Why it works: Warming up increases blood flow to your muscles, making them less stiff and reducing the risk of injury, Vangsness says. 

Icing down afterward helps prevent inflammation and swelling.

10. Consider acupuncture. 
How it’s done: Acupuncture is an ancient Chinese therapy involving the placement of tiny needles at specific points. 

“It’s a system of healing that works with the energy in the body,” says Beth Kohn-Converse, Dipl.Ac, an acupuncturist at Henry Ford Health System’s Center for Integrative Medicine in Detroit.

Kohn-Converse usually sees a patient once or twice a week for about six weeks, and then evaluates how that person is responding.
Why it works: “Acupuncture stimulates the release of endorphins and encephalin, which are relaxing and pain-relieving substances,” Kohn-Converse says. 
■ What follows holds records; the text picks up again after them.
text \<open>
  Call a family \<open>(A\<^sub>\<alpha>)\<^sub>\<alpha>\<close> of subsets of \<open>I\<close> bounded if one countable ordinal \<open>\<eta>\<close> bounds the
  complexity of all its members. Bounded families are closed under complements and countable
  unions, because countably many countable ordinals have a countable strict upper bound (an
  \<open>\<omega>\<close>-indexed ordinal sum); constant families of Borel sets and of \<open>V\<close> are bounded. Hence the
  sets whose sections form a bounded family form a \<open>\<sigma>\<close>-algebra containing the rectangles, which
  gives one direction.

  Conversely, argue by well-founded induction on the bound \<open>\<eta>\<close>. Where \<open>Q\<^sub>\<alpha>\<close> is a union of
  \<open>C\<^sub>n\<close>'s, the corresponding part of \<open>Q\<close> is a countable union of rectangles \<open>C\<^sub>n \<times> T\<close>. Otherwise
  \<open>Q\<^sub>\<alpha> = \<Union>\<^sub>n (I - B\<^sub>\<alpha>\<^sub>,\<^sub>n)\<close> with each \<open>B\<^sub>\<alpha>\<^sub>,\<^sub>n\<close> of complexity at most an initial segment of \<open>\<eta>\<close>;
  grouping the \<open>\<alpha>\<close> by \<open>n\<close> and by such a segment leaves countably many pieces, each measurable by
  the induction hypothesis.
\<close>

unbundle cardinal_syntax

section \<open>Countable ordinals\<close>

lemma Well_order_inflationary_mono_map:
  assumes wo: "Well_order r" and maps: "g ` Field r \<subseteq> Field r"
    and mono: "\<And>a b. (a, b) \<in> r - Id \<Longrightarrow> (g a, g b) \<in> r - Id"
    and a: "a \<in> Field r"
  shows "(a, g a) \<in> r"
proof (rule ccontr)
  assume "(a, g a) \<notin> r"
  moreover have "wf (r - Id)" using wo by (simp add: well_order_on_def)
  ultimately obtain m where m: "m \<in> Field r" "(m, g m) \<notin> r"
    and least: "\<And>y. (y, m) \<in> r - Id \<Longrightarrow> y \<in> Field r \<Longrightarrow> (y, g y) \<in> r"
    using wf_eq_minimal[THEN iffD1, rule_format, of "r - Id" a "{x \<in> Field r. (x, g x) \<notin> r}"] a
    by blast
  have gm: "g m \<in> Field r" using maps m(1) by blast
  have "g m \<noteq> m" using m wo by (auto simp: order_on_defs refl_on_def)
  then have "(g m, m) \<in> r - Id"
    using m gm wo unfolding order_on_defs total_on_def by blast
  then have "(g (g m), g m) \<in> r - Id" and "(g m, g (g m)) \<in> r"
    using mono least gm by blast+
  then show False using wo by (auto simp: order_on_defs antisym_def)
qed

lemma Restr_ordLeq:
  assumes wo: "Well_order r" and B: "B \<subseteq> Field r"
  shows "Restr r B \<le>o r"
proof (rule ccontr)
  let ?rB = "Restr r B"
  have woB: "Well_order ?rB" using wo Well_order_Restr by blast
  have FB: "Field ?rB = B" using wo B by (simp add: Refl_Field_Restr2 order_on_defs)
  assume "\<not> ?rB \<le>o r"
  then have "r <o ?rB" using not_ordLeq_iff_ordLess[OF wo woB] by blast
  then obtain g where emb: "embed r ?rB g" and not_bij: "\<not> bij_betw g (Field r) B"
    using FB unfolding ordLess_def embedS_def by auto
  have inj: "inj_on g (Field r)" using emb embed_inj_on wo by blast
  have ofilter: "wo_rel.ofilter ?rB (g ` Field r)" using embed_Field_ofilter wo woB emb by blast
  then have gB: "g ` Field r \<subseteq> B"
    using FB woB by (auto simp: wo_rel.ofilter_def wo_rel_def)
  have above: "(a, g a) \<in> r" if "a \<in> Field r" for a
  proof (rule Well_order_inflationary_mono_map[OF wo _ _ that])
    show "g ` Field r \<subseteq> Field r" using gB B by blast
    fix a b assume "(a, b) \<in> r - Id"
    then show "(g a, g b) \<in> r - Id"
      using embed_compat[OF emb] inj unfolding compat_def inj_on_def by (blast intro: FieldI1 FieldI2)
  qed
  have "B \<subseteq> g ` Field r"
  proof
    fix b assume b: "b \<in> B"
    then have "b \<in> under ?rB (g b)" using above[of b] gB B by (auto simp: under_def)
    then show "b \<in> g ` Field r"
      using ofilter b B woB by (auto simp: wo_rel.ofilter_def wo_rel_def)
  qed
  then show False using not_bij inj gB by (auto simp: bij_betw_def)
qed

lemma compat_inj_on_ordLeq:
  assumes wo: "Well_order r" and wo': "Well_order r'" and maps: "f ` Field r \<subseteq> Field r'"
    and inj: "inj_on f (Field r)" and compat: "compat r r' f"
  shows "r \<le>o r'"
proof -
  let ?A = "f ` Field r"
  have woA: "Well_order (Restr r' ?A)" using wo' Well_order_Restr by blast
  have FA: "Field (Restr r' ?A) = ?A" using wo' maps by (simp add: Refl_Field_Restr2 order_on_defs)
  have "compat r (Restr r' ?A) f" using compat unfolding compat_def by (auto intro: FieldI1 FieldI2)
  then have "iso r (Restr r' ?A) f" using iso_iff3[OF wo woA] FA inj by (simp add: bij_betw_def)
  then have "(r, Restr r' ?A) \<in> ordIso" using wo woA unfolding ordIso_def by blast
  then show ?thesis using Restr_ordLeq[OF wo' maps] ordIso_ordLeq_trans by blast
qed

lemma Well_order_singleton: "Well_order {(x, x)}"
  by (auto simp: order_on_defs refl_on_def total_on_def trans_def antisym_def Field_def)

definition ordinal_sum :: "(nat \<Rightarrow> 'a rel) \<Rightarrow> (nat \<times> 'a) rel" where
  "ordinal_sum g = {((k, a), (l, b)). k < l \<and> a \<in> Field (g k) \<and> b \<in> Field (g l) \<or> k = l \<and> (a, b) \<in> g k}"

lemma Field_ordinal_sum:
  assumes "\<And>k. Well_order (g k)"
  shows "Field (ordinal_sum g) = (SIGMA k:UNIV. Field (g k))"
  using assms by (force simp: ordinal_sum_def Field_def order_on_defs refl_on_def)

lemma wf_ordinal_sum:
  assumes "\<And>k. Well_order (g k)"
  shows "wf (ordinal_sum g - Id)"
proof -
  have "ordinal_sum g - Id \<subseteq> inv_image less_than fst \<union> same_fst (\<lambda>_. True) (\<lambda>k. g k - Id)"
    by (auto simp: ordinal_sum_def same_fst_def)
  moreover have "wf (inv_image less_than fst \<union> same_fst (\<lambda>_. True) (\<lambda>k. g k - Id))"
    using assms by (intro wf_union_compatible wf_same_fst)
      (auto simp: well_order_on_def same_fst_def)
  ultimately show ?thesis by (rule wf_subset[rotated])
qed
instantiation E :: comm_monoid_add
begin
definition zero_E_def: "0 = E0"
definition plus_E_def: "x + y = E_add x y"
instance
proof
  fix a b c :: E
  show "a + b + c = a + (b + c)" unfolding plus_E_def
    by (cases a; cases b; cases c) auto
  show "a + b = b + a" unfolding plus_E_def
    by (cases a; cases b) auto
  show "0 + a = a" unfolding plus_E_def zero_E_def by simp
qed
end

instantiation E :: times
begin
definition times_E_def: "x * y = E_mul x y"
instance ..
end

lemma E_relations:
  "Ek + Ek = 0" "Et + Et = 0" "Ek * Ek = Ek" "Et * Et = Et" "Ek * Et = Ek" "Et * Ek = Et"
  "Ez = Ek + Et" "\<And>e::E. e * Ek = e" "\<And>e::E. e * Et = e" "\<And>e::E. e * Ez = 0"
  by (auto simp: plus_E_def times_E_def zero_E_def)

text \<open>Vectors of E^{2n}: functions nat \<Rightarrow> E vanishing at indices \<ge> 2n.
  A vector x = (u|v) has u_i = x i and v_i = x (n+i) for i < n.\<close>

definition Evec :: "nat \<Rightarrow> (nat \<Rightarrow> E) set" where
  "Evec n = {x. \<forall>i\<ge>2*n. x i = 0}"

definition smult_E :: "E \<Rightarrow> (nat \<Rightarrow> E) \<Rightarrow> (nat \<Rightarrow> E)" where
  "smult_E e x = (\<lambda>i. e * x i)"

definition vadd_E :: "(nat \<Rightarrow> E) \<Rightarrow> (nat \<Rightarrow> E) \<Rightarrow> (nat \<Rightarrow> E)" where
  "vadd_E x y = (\<lambda>i. x i + y i)"
definition red_laplacian :: "('n::finite \<Rightarrow> 'n option) \<Rightarrow> ('n \<Rightarrow> real) \<Rightarrow> real^'n^'n" where
  "red_laplacian par w = (\<chi> i j. laplacian par w (Some i) (Some j))"

definition cov :: "'w measure \<Rightarrow> ('w \<Rightarrow> real) \<Rightarrow> ('w \<Rightarrow> real) \<Rightarrow> real" where
  "cov M X Y = (\<integral>\<omega>. (X \<omega> - (\<integral>\<omega>'. X \<omega>' \<partial>M)) * (Y \<omega> - (\<integral>\<omega>'. Y \<omega>' \<partial>M)) \<partial>M)"

definition centered_gaussian :: "'w measure \<Rightarrow> ('w \<Rightarrow> real) \<Rightarrow> bool" where
  "centered_gaussian M X \<longleftrightarrow>
     X \<in> borel_measurable M \<and>
     ((AE \<omega> in M. X \<omega> = 0) \<or> (\<exists>\<sigma>>0. distributed M lborel X (normal_density 0 \<sigma>)))"

definition jointly_centered_gaussian ::
    "'w measure \<Rightarrow> ('n::finite \<Rightarrow> 'w \<Rightarrow> real) \<Rightarrow> ('n \<Rightarrow> 'w \<Rightarrow> real) \<Rightarrow> bool" where
  "jointly_centered_gaussian M p q \<longleftrightarrow>
     (\<forall>\<alpha> \<beta>. centered_gaussian M (\<lambda>\<omega>. \<Sum>c\<in>UNIV. \<alpha> c * p c \<omega> + \<beta> c * q c \<omega>))"

definition lcpf_v :: "('n::finite \<Rightarrow> 'n option) \<Rightarrow> ('n \<Rightarrow> real) \<Rightarrow> ('n \<Rightarrow> real)
     \<Rightarrow> ('n \<Rightarrow> 'w \<Rightarrow> real) \<Rightarrow> ('n \<Rightarrow> 'w \<Rightarrow> real) \<Rightarrow> 'n \<Rightarrow> 'w \<Rightarrow> real" where
  "lcpf_v par r x p q a \<omega> =
     (matrix_inv (red_laplacian par (\<lambda>n. 1 / r n)) *v (\<chi> c. p c \<omega>)) $ a
   + (matrix_inv (red_laplacian par (\<lambda>n. 1 / x n)) *v (\<chi> c. q c \<omega>)) $ a"

end

(* With A the edge-node incidence matrix and W = diag(w), the reduced Laplacian is
   H = A^T W A.  On a tree A is inverted by the path matrix B (B(a,n) = 1 iff edge n lies on
   the path from a to the root), so H^{-1}(a,c) is the total weight 1/w of the edges common to
   the root paths of a and c; for w = 1/r this lies in [0, d r_max].  Since injections at
   distinct nodes are uncorrelated, Var v_a = sum_c (R_c^2 Var p_c + X_c^2 Var q_c
   + 2 R_c X_c Cov(p_c, q_c)); as all three covariances are nonnegative, each summand is at
   most d^2 max(r_max^2, x_max^2) (Var p_c + Var q_c + 2 Cov(p_c, q_c)). *)

theory Submission
  imports Defs
begin

definition path_to_root :: "('n \<Rightarrow> 'n option) \<Rightarrow> 'n \<Rightarrow> 'n set" where
  "path_to_root par i = {n. \<exists>k. (step_up par ^^ k) (Some i) = Some n}"

lemma step_up_funpow_None [simp]: "(step_up par ^^ k) None = None"
  by (induction k) (auto simp: step_up_def)

lemma step_up_funpow_Suc_Some: "(step_up par ^^ Suc k) (Some n) = (step_up par ^^ k) (par n)"
  by (simp add: funpow_Suc_right step_up_def del: funpow.simps)

lemma step_up_funpow_node_depth:
  "is_rooted_tree par \<Longrightarrow> (step_up par ^^ node_depth par n) (Some n) = None"
  unfolding node_depth_def is_rooted_tree_def by (rule LeastI_ex) blast

lemma step_up_funpow_beyond_node_depth:
  assumes "is_rooted_tree par" "node_depth par n \<le> k"
  shows "(step_up par ^^ k) (Some n) = None"
proof -
  obtain j where "k = j + node_depth par n"
    using assms(2) by (metis le_add_diff_inverse2)
  then show ?thesis
    using step_up_funpow_node_depth[OF assms(1)] by (simp add: funpow_add)
qed

lemma path_to_root_eq:
  "path_to_root par n = insert n {m. \<exists>k. (step_up par ^^ k) (par n) = Some m}"
proof -
  have "(\<exists>k. (step_up par ^^ k) (Some n) = Some m) \<longleftrightarrow>
        m = n \<or> (\<exists>k. (step_up par ^^ Suc k) (Some n) = Some m)" for m
    by (metis funpow_0 not0_implies_Suc option.inject)
  then show ?thesis
    by (auto simp: path_to_root_def step_up_funpow_Suc_Some simp del: funpow.simps)
qed

lemma path_to_root_root_child: "par n = None \<Longrightarrow> path_to_root par n = {n}"
  by (simp add: path_to_root_eq)
(* Let $W=\langle \mathcal{D},\mathcal{N},\mathrm{wr},\mathrm{gd}\rangle$ be a (1-safe) DAW-net and let $\mathit{RG}_W=(T,\overline{S},\overline{s}_0,\overline{\delta})$ be its reachability graph. Let $\mathrm{bc}(W)$ be the $\mathcal{BC}$ action description encoding $W$ and $\mathit{TS}_{\mathrm{bc}(W)}$ the transition system induced by $\mathrm{bc}(W)$ (all as defined in the context). Then $\mathit{TS}_{\mathrm{bc}(W)}$ and $\mathit{RG}_W$ are trace equivalent.
   Context: **Data model and guards.** A data model is $\mathcal{D}=(\mathcal{V},\Delta,\mathrm{dm},\mathrm{ord})$: $\mathcal{V}$ is a set of variables; $\Delta=\{\Delta_1,\dots,\Delta_n\}$ is a set of (not necessarily disjoint) domains; $\mathrm{dm}:\mathcal{V}\to\Delta$ is total and surjective and assigns to each variable its finite domain; $\mathrm{ord}$ is a partial function which, for a domain $\Delta_i$ on which it is defined, returns a partial order $\le_{\Delta_i}\subseteq\Delta_i\times\Delta_i$. An assignment is a partial function $\eta$ on $\mathcal{V}$ with $\eta(v)\in\mathrm{dm}(v)$ whenever $\eta(v)$ is defined. Guards are given by the grammar $\Phi ::= \mathit{true}\mid \mathrm{def}(v)\mid t_1=t_2\mid t_1\le t_2\mid \neg\Phi\mid \Phi\wedge\Phi$, where $v\in\mathcal{V}$ and $t_1,t_2\in\mathcal{V}\cup\bigcup_i\Delta_i$. Write $t[\eta]$ for $\eta(t)$ if $t$ is a variable on which $\eta$ is defined, and $t$ otherwise. Then $\mathcal{D},\eta\models\mathit{true}$; $\mathcal{D},\eta\models\mathrm{def}(v)$ iff $\eta(v)$ is defined; $\mathcal{D},\eta\models t_1=t_2$ iff $t_1[\eta],t_2[\eta]\notin\mathcal{V}$ and $t_1[\eta]=t_2[\eta]$; $\mathcal{D},\eta\models t_1\le t_2$ iff $t_1[\eta],t_2[\eta]\in\Delta_i$ for some $i$ with $\mathrm{ord}(\Delta_i)$ defined and $t_1[\eta]\le_{\Delta_i}t_2[\eta]$; negation and conjunction are classical. **DAW-nets.** A Petri net is $\mathcal{N}=(P,T,F)$ with $F\subseteq(P\times T)\cup(T\times P)$; ${}^\bullet t=\{p\mid (p,t)\in F\}$, $t^\bullet=\{p\mid (t,p)\in F\}$; a marking is $M:P\to\mathbb{N}$. $\mathcal{N}$ is a workflow net with a distinguished place $\mathit{start}$ (no incoming arcs) and a distinguished place $\mathit{sink}$. A DAW-net is $W=\langle\mathcal{D},\mathcal{N},\mathrm{wr},\mathrm{gd}\rangle$ where $\mathrm{wr}$ maps each $t\in T$ to a partial function $\mathrm{wr}(t)$ from $\mathcal{V}$ with $\mathrm{wr}(t)(v)\subseteq\mathrm{dm}(v)$, and $\mathrm{gd}$ maps each $t$ to a guard. A state is a pair $(M,\eta)$. A firing $(M,\eta)\xrightarrow{t}(M',\eta')$ is valid iff: $\{p\mid M(p)>0\}\supseteq{}^\bullet t$; $\mathcal{D},\eta\models\mathrm{gd}(t)$; $M'(p)=M(p)-1$ if $p\in{}^\bullet t\setminus t^\bullet$, $M'(p)=M(p)+1$ if $p\in t^\bullet\setminus{}^\bullet t$, $M'(p)=M(p)$ otherwise; $\mathrm{dom}(\eta')=\mathrm{dom}(\eta)\cup\{v\mid \mathrm{wr}(t)(v)\neq\emptyset\}\setminus\{v\mid\mathrm{wr}(t)(v)=\emptyset\}$ and for $v\in\mathrm{dom}(\eta')$, $\eta'(v)\in\mathrm{wr}(t)(v)$ if $v\in\mathrm{dom}(\mathrm{wr}(t))$ and $\eta'(v)=\eta(v)$ otherwise. The initial state is $(M_s,\eta_s)$ with $M_s(\mathit{start})=1$, $M_s(p)=0$ for other $p$, and $\eta_s$ empty. Standing assumption: $W$ is 1-safe (in every state reachable from the initial state each place holds at most one token). $\mathcal{V}'$ is the finite set of variables appearing in $W$, and $\mathrm{adm}(v)=\bigcup_{t\in T}\mathrm{wr}(t)(v)$ is the active domain of $v$. **Reachability graph.** $\mathit{RG}_W=(T,\overline{S},\overline{s}_0,\overline{\delta})$ with $\overline{s}_0=(M_s,\eta_s)$, where $\overline{S}$ and $\overline{\delta}\subseteq\overline{S}\times T\times\overline{S}$ are the least sets such that $\overline{s}_0\in\overline{S}$ and, if $(M,\eta)\in\overline{S}$ and $(M,\eta)\xrightarrow{t}(M',\eta')$ is valid, then $(M',\eta')\in\overline{S}$ and $((M,\eta),t,(M',\eta'))\in\overline{\delta}$. **Trace equivalence.** A path of a labelled transition system is a sequence $s_0\xrightarrow{l_1}s_1\cdots\xrightarrow{l_n}s_n$ ($n\ge0$) starting in an initial state and following its transitions. $\mathit{RG}$ and a transition system $\mathit{TS}$ are trace equivalent iff there is an injective function $\mathrm{enc}$ from the states and transitions of $\mathit{RG}$ to the states and transition labels of $\mathit{TS}$ such that (1) for every path $s_0\xrightarrow{t_1}\cdots\xrightarrow{t_n}s_n$ of $\mathit{RG}$, $\mathrm{enc}(s_0)\xrightarrow{\mathrm{enc}(t_1)}\cdots\xrightarrow{\mathrm{enc}(t_n)}\mathrm{enc}(s_n)$ is a path of $\mathit{TS}$; and (2) for every path $s'_0\xrightarrow{t'_1}\cdots\xrightarrow{t'_n}s'_n$ of $\mathit{TS}$ there is a path $s_0\xrightarrow{t_1}\cdots\xrightarrow{t_n}s_n$ of $\mathit{RG}$ with $\mathrm{enc}(s_i)=s'_i$ for $0\le i\le n$ and $\mathrm{enc}(t_i)=t'_i$ for $1\le i\le n$. **The action language $\mathcal{BC}$.** A description $B$ has fluent constants, each with a finite domain of size $\ge 2$ (Boolean fluents have domain $\{\mathrm{true},\mathrm{false}\}$), and action constants; an atom is $f=v$ with $v$ in the domain of $f$. Dynamic laws are "$A_0$ after $A'_1,\dots,A'_n$ ifcons $A_{n+1},\dots,A_m$" ($A_0,A_{n+1},\dots,A_m$ atoms or $A_0=\mathrm{false}$; $A'_j$ atoms or action constants), static laws "$A_0$ if $A_1,\dots,A_n$ ifcons $A_{n+1},\dots,A_m$", and "initially $A$". For $\ell\ge0$, $P_\ell(B)$ is the disjunctive logic program with classical negation $\neg$ and default negation $\sim$ over atoms $i{:}A$ containing: for each static law and $0\le i\le\ell$, $i{:}A_0\leftarrow i{:}A_1,\dots,i{:}A_n,\sim\neg(i{:}A_{n+1}),\dots,\sim\neg(i{:}A_m)$; for each dynamic law and $0\le i<\ell$, $i{+}1{:}A_0\leftarrow i{:}A'_1,\dots,i{:}A'_n,\sim\neg(i{+}1{:}A_{n+1}),\dots,\sim\neg(i{+}1{:}A_m)$ (a constraint when $A_0=\mathrm{false}$); for each "initially $f=v$", the fact $0{:}f=v$; $0{:}f=v\vee\neg(0{:}f=v)$ for each fluent $f$ and value $v$; $i{:}a\vee\neg(i{:}a)$ for each action constant $a$ and $i<\ell$; and for each fluent $f$ and $i\le\ell$, $\leftarrow\sim(i{:}f=v_1),\dots,\sim(i{:}f=v_k)$ (where $v_1,\dots,v_k$ is its domain) and $\neg(i{:}f=v)\leftarrow i{:}f=w$ for $v\neq w$. For a stable model (answer set) $X$ of $P_\ell(B)$ let $\sigma_i(X)=\{f\mapsto o\mid (i{:}f=o)\in X\}$. The transition system $\mathit{TS}_{B}=(\mathcal{A},S,S_0,\delta)$ ($\mathcal{A}$ the action constants, transitions labelled by subsets of $\mathcal{A}$) has $S_0=\{\sigma_0(X)\mid X$ a stable model of $P_0(B)\}$, and $S,\delta$ are the least sets with $S_0\subseteq S$ such that whenever $X$ is a stable model of $P_{\ell+1}(B)$ for some $\ell\ge0$ with $\sigma_\ell(X)\in S$, then $\sigma_{\ell+1}(X)\in S$ and $(\sigma_\ell(X),\{a\mid (\ell{:}a)\in X\},\sigma_{\ell+1}(X))\in\delta$. **The encoding $\mathrm{bc}(W)$.** Fluents: for each $v\in\mathcal{V}'$ a fluent $v$ with domain $\mathrm{adm}(v)\cup\{\mathrm{null}\}$; for each $p\in P$ a Boolean fluent $p$; a Boolean fluent $\mathit{trans}$. Action constants: the transitions $t\in T$. Laws: "$v=o$ after $v=o$ ifcons $v=o$" for $v\in\mathcal{V}'$, $o\in\mathrm{adm}(v)\cup\{\mathrm{null}\}$; "$p=o$ after $p=o$ ifcons $p=o$" for $p\in P$, $o\in\{\mathrm{true},\mathrm{false}\}$; for each $t\in T$: "$p=\mathrm{false}$ after $t$" for $p\in{}^\bullet t\setminus t^\bullet$; "$p=\mathrm{true}$ after $t$" for $p\in t^\bullet\setminus{}^\bullet t$; "$v=d$ after $t$ ifcons $v=d$" for $d\in\mathrm{wr}(t)(v)$; "$v=\mathrm{null}$ after $t$" for $v$ with $\mathrm{wr}(t)(v)=\emptyset$; "false after $t$ ifcons $v=d$" for $v$ with $\mathrm{wr}(t)(v)\neq\emptyset$ and $d\in\{\mathrm{null}\}\cup\mathrm{adm}(v)\setminus\mathrm{wr}(t)(v)$; "false after $t,s$" for $t\neq s$; "false after $t,p=\mathrm{false}$" for $p\in{}^\bullet t$; "$\mathit{trans}=\mathrm{true}$ after $t$"; "initially $\mathit{start}=\mathrm{true}$", "initially $p=\mathrm{false}$" for $p\neq\mathit{start}$, "initially $v=\mathrm{null}$" for $v\in\mathcal{V}'$, "initially $\mathit{trans}=\mathrm{true}$". Guards: a DNF characterisation of a guard $\Phi$ is a formula $\bigvee_{i=1}^k t^i_1\wedge\dots\wedge t^i_{\ell_i}$ equivalent to $\Phi$ over the data model, each term $t^i_j$ being of the form $v=o$ or $\neg\mathrm{def}(v)$; its translation replaces $v=o$ by the atom $v=o$ and $\neg\mathrm{def}(v)$ by $v=\mathrm{null}$ (write $[\![\cdot]\!]$). For each $t$ with $\mathrm{gd}(t)\not\equiv\mathit{true}$, taking such a characterisation of $\neg\mathrm{gd}(t)$, $\mathrm{bc}(W)$ contains "false after $t,[\![t^i_1]\!],\dots,[\![t^i_{\ell_i}]\!]$" for each $i=1,\dots,k$. *)

theory Defs
  imports Main
begin
lemma bounded_linear_scaleC: "bounded_linear (scaleC a :: 'a::complex_inner \<Rightarrow> 'a)"
proof
  fix x y :: 'a and r :: real
  show "scaleC a (x + y) = scaleC a x + scaleC a y" by (rule scaleC_add_right)
  show "scaleC a (scaleR r x) = scaleR r (scaleC a x)"
    by (simp add: scaleR_scaleC scaleC_scaleC mult.commute)
  show "\<exists>K. \<forall>x::'a. norm (scaleC a x) \<le> norm x * K"
    by (rule exI[of _ "cmod a"]) (simp add: norm_scaleC mult.commute)
qed

lemmas tendsto_scaleC [tendsto_intros] = bounded_linear.tendsto[OF bounded_linear_scaleC]

lemma cinner_eq_0_on_closure:
  fixes v :: "'a::complex_inner"
  assumes "x \<in> closure S" "\<And>s. s \<in> S \<Longrightarrow> cinner s v = 0"
  shows "cinner x v = 0"
proof -
  obtain X where X: "\<forall>n. X n \<in> S" "X \<longlonglongrightarrow> x"
    using assms(1) by (meson closure_sequential)
  have "(\<lambda>n. cinner (X n) v) \<longlonglongrightarrow> cinner x v" using X by (intro tendsto_intros)
  moreover have "(\<lambda>n. cinner (X n) v) = (\<lambda>n. 0)" using X assms(2) by auto
  ultimately show ?thesis by (metis LIMSEQ_const_iff)
qed

section \<open>Complex subspaces, the Riesz representation and orthogonal projections\<close>

definition csubspace :: "'a::complex_vector set \<Rightarrow> bool" where
  "csubspace M \<longleftrightarrow> 0 \<in> M \<and> (\<forall>x\<in>M. \<forall>y\<in>M. x + y \<in> M) \<and> (\<forall>a. \<forall>x\<in>M. scaleC a x \<in> M)"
The therapy also improves circulation around the joints.

“Any time you puncture the body, you send more blood flow to that area,” Kohn-Converse says. 

She also recommends combining acupuncture with customized Chinese herbal therapies – taken orally or applied topically – that help reduce inflammation and pain. Your acupuncturist may be able to suggest those that would be best for you.